Saved data entries:
::::
text \<open>A digraph on the vertex set {0..<n} is given by its arc relation A
  (no loops; multiple arcs are impossible in a relation).\<close>
definition digraph :: "nat \<Rightarrow> (nat \<Rightarrow> nat \<Rightarrow> bool) \<Rightarrow> bool" where
  "digraph n A \<longleftrightarrow> (\<forall>u v. A u v \<longrightarrow> u < n \<and> v < n \<and> u \<noteq> v)"

definition adj :: "(nat \<Rightarrow> nat \<Rightarrow> bool) \<Rightarrow> nat \<Rightarrow> nat \<Rightarrow> real" where
  "adj A i j = (if A i j then 1 else 0)"

definition comp_eigenvalue :: "nat \<Rightarrow> (nat \<Rightarrow> nat \<Rightarrow> bool) \<Rightarrow> real \<Rightarrow> bool" where
  "comp_eigenvalue n A lam \<longleftrightarrow>
     (\<exists>x :: nat \<Rightarrow> real.
        (\<exists>i<n. x i \<noteq> 0) \<and> (\<forall>i<n. x i \<ge> 0) \<and>
        (\<forall>i<n. (\<Sum>j<n. adj A i j * x j) - lam * x i \<ge> 0) \<and>
        (\<Sum>i<n. x i * ((\<Sum>j<n. adj A i j * x j) - lam * x i)) = 0)"

definition strongly_connected :: "nat \<Rightarrow> (nat \<Rightarrow> nat \<Rightarrow> bool) \<Rightarrow> bool" where
  "strongly_connected n A \<longleftrightarrow> (\<forall>u<n. \<forall>v<n. A\<^sup>*\<^sup>* u v)"

text \<open>The infinity digraph \<infinity>(r,s) on vertices {0..<r+s-1}: cycle 0\<rightarrow>1\<rightarrow>...\<rightarrow>r-1\<rightarrow>0
  and cycle 0\<rightarrow>r\<rightarrow>r+1\<rightarrow>...\<rightarrow>r+s-2\<rightarrow>0, sharing only vertex 0.\<close>
definition inf_vert2 :: "nat \<Rightarrow> nat \<Rightarrow> nat" where
  "inf_vert2 r i = (if i = 0 then 0 else r + i - 1)"

definition inf_arc :: "nat \<Rightarrow> nat \<Rightarrow> nat \<Rightarrow> nat \<Rightarrow> bool" where
  "inf_arc r s u v \<longleftrightarrow>
     (\<exists>i<r. u = i \<and> v = (i + 1) mod r) \<or>
     (\<exists>i<s. u = inf_vert2 r i \<and> v = inf_vert2 r ((i + 1) mod s))"

text \<open>D contains a (not necessarily induced) subdigraph isomorphic to \<infinity>(r,s).\<close>
definition contains_infinity :: "nat \<Rightarrow> (nat \<Rightarrow> nat \<Rightarrow> bool) \<Rightarrow> nat \<Rightarrow> nat \<Rightarrow> bool" where
  "contains_infinity n A r s \<longleftrightarrow>
     (\<exists>f. inj_on f {0..<r+s-1} \<and> f ` {0..<r+s-1} \<subseteq> {0..<n} \<and>
          (\<forall>u<r+s-1. \<forall>v<r+s-1. inf_arc r s u v \<longrightarrow> A (f u) (f v)))"

end

(*
  For a nonempty vertex set T inducing a strongly connected subdigraph, the Perron root of the
  principal submatrix A[T] is a complementarity eigenvalue of D: a nonnegative Perron vector of
  A[T], padded with zeros, satisfies the complementarity conditions. Perron roots strictly increase
  along proper inclusions of such sets. If n > r + s - 1, then a vertex of the copy of
  \<infinity>(r,s), its first cycle, the whole copy and D itself form a chain of four such sets, so D
  has at least four complementarity eigenvalues.

  The Perron-Frobenius facts needed are elementary: the Perron root is the largest mu admitting a
  semipositive x with A[T] x >= mu x (the supremum is attained by compactness), and strict
  monotonicity comes from positivity of Perron vectors on strongly connected sets.
*)

theory Submission
  imports Defs
begin

definition adj_mult :: "nat \<Rightarrow> (nat \<Rightarrow> nat \<Rightarrow> bool) \<Rightarrow> (nat \<Rightarrow> real) \<Rightarrow> nat \<Rightarrow> real" where
  "adj_mult n A x i = (\<Sum>j<n. adj A i j * x j)"

definition semipositive_on :: "nat set \<Rightarrow> (nat \<Rightarrow> real) \<Rightarrow> bool" where
  "semipositive_on T x \<longleftrightarrow> (\<forall>i. 0 \<le> x i) \<and> (\<forall>i. i \<notin> T \<longrightarrow> x i = 0) \<and> (\<exists>i\<in>T. x i \<noteq> 0)"

text \<open>The vectors vanish outside \<open>T\<close>, so for \<open>T \<subseteq> {..<n}\<close> these are nonnegative (sub)eigenvectors
  of the principal submatrix of the adjacency matrix indexed by \<open>T\<close>.\<close>

definition subeigvec_on :: "nat \<Rightarrow> (nat \<Rightarrow> nat \<Rightarrow> bool) \<Rightarrow> nat set \<Rightarrow> real \<Rightarrow> (nat \<Rightarrow> real) \<Rightarrow> bool" where
  "subeigvec_on n A T mu x \<longleftrightarrow> semipositive_on T x \<and> (\<forall>i\<in>T. mu * x i \<le> adj_mult n A x i)"

definition eigvec_on :: "nat \<Rightarrow> (nat \<Rightarrow> nat \<Rightarrow> bool) \<Rightarrow> nat set \<Rightarrow> real \<Rightarrow> (nat \<Rightarrow> real) \<Rightarrow> bool" where
  "eigvec_on n A T lam x \<longleftrightarrow> semipositive_on T x \<and> (\<forall>i\<in>T. adj_mult n A x i = lam * x i)"

definition strongly_connected_on :: "(nat \<Rightarrow> nat \<Rightarrow> bool) \<Rightarrow> nat set \<Rightarrow> bool" where
  "strongly_connected_on A T \<longleftrightarrow> (\<forall>u\<in>T. \<forall>v\<in>T. (\<lambda>a b. A a b \<and> a \<in> T \<and> b \<in> T)\<^sup>*\<^sup>* u v)"

lemma rtranclp_enters_set:
  assumes "R\<^sup>*\<^sup>* u v" "u \<notin> S" "v \<in> S"
  obtains a b where "R a b" "a \<notin> S" "b \<in> S"
  using assms by (induction rule: rtranclp_induct) blast+

lemma strongly_connected_on_closed_subset:
  assumes sc: "strongly_connected_on A T" and k: "k \<in> T" "k \<in> Z"
    and closed: "\<And>a b. a \<in> Z \<Longrightarrow> A a b \<Longrightarrow> a \<in> T \<Longrightarrow> b \<in> T \<Longrightarrow> b \<in> Z"
  shows "T \<subseteq> Z"
proof
  fix v assume "v \<in> T"
  show "v \<in> Z"
  proof (rule ccontr)
    assume "v \<notin> Z"
    have "(\<lambda>a b. A a b \<and> a \<in> T \<and> b \<in> T)\<^sup>*\<^sup>* k v" using sc k(1) \<open>v \<in> T\<close>
      by (simp add: strongly_connected_on_def)
    then obtain a b where "A a b" "a \<in> T" "b \<in> T" "a \<in> Z" "b \<notin> Z"
      by (rule rtranclp_enters_set[of _ k v "- Z"]) (use k(2) \<open>v \<notin> Z\<close> in auto)
    then show False using closed by blast
  qed
qed

lemma strongly_connected_on_singleton: "strongly_connected_on A {u}"
  by (simp add: strongly_connected_on_def)

lemma strongly_connected_on_lessThan:
  assumes "digraph n A" "strongly_connected n A"
  shows "strongly_connected_on A {..<n}"
proof -
  have "(\<lambda>a b. A a b \<and> a \<in> {..<n} \<and> b \<in> {..<n}) = A"
    using assms(1) by (auto simp: digraph_def)
  then show ?thesis using assms(2) by (simp add: strongly_connected_on_def strongly_connected_def)
qed

lemma strongly_connected_on_cycle:
  assumes arcs: "\<And>i. i < m \<Longrightarrow> A (g i) (g (Suc i mod m))"
  shows "strongly_connected_on A (g ` {..<m})"
proof -
  let ?R = "\<lambda>a b. A a b \<and> a \<in> g ` {..<m} \<and> b \<in> g ` {..<m}"
  have walk: "?R\<^sup>*\<^sup>* (g i) (g ((i + d) mod m))" if "i < m" for i d
  proof (induction d)
    case 0
    then show ?case using that by simp
  next
    case (Suc d)
    have "?R (g ((i + d) mod m)) (g ((i + Suc d) mod m))"
      using arcs[of "(i + d) mod m"] that by (auto simp: mod_Suc_eq)
    with Suc show ?case by (rule rtranclp.rtrancl_into_rtrancl)
  qed
  show ?thesis
    unfolding strongly_connected_on_def
  proof (intro ballI)
    fix u v assume "u \<in> g ` {..<m}" "v \<in> g ` {..<m}"
    then obtain i j where "i < m" "j < m" "u = g i" "v = g j" by auto
    then show "?R\<^sup>*\<^sup>* u v" using walk[of i "m - i + j"] by simp
  qed
qed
::::
The problem: Restate the records above verbatim up to and including the line containing "(\<forall>u v. A".

Exercise solution:
text \<open>A digraph on the vertex set {0..<n} is given by its arc relation A
  (no loops; multiple arcs are impossible in a relation).\<close>
definition digraph :: "nat \<Rightarrow> (nat \<Rightarrow> nat \<Rightarrow> bool) \<Rightarrow> bool" where
  "digraph n A \<longleftrightarrow> (\<forall>u v. A u v \<longrightarrow> u < n \<and> v < n \<and> u \<noteq> v)"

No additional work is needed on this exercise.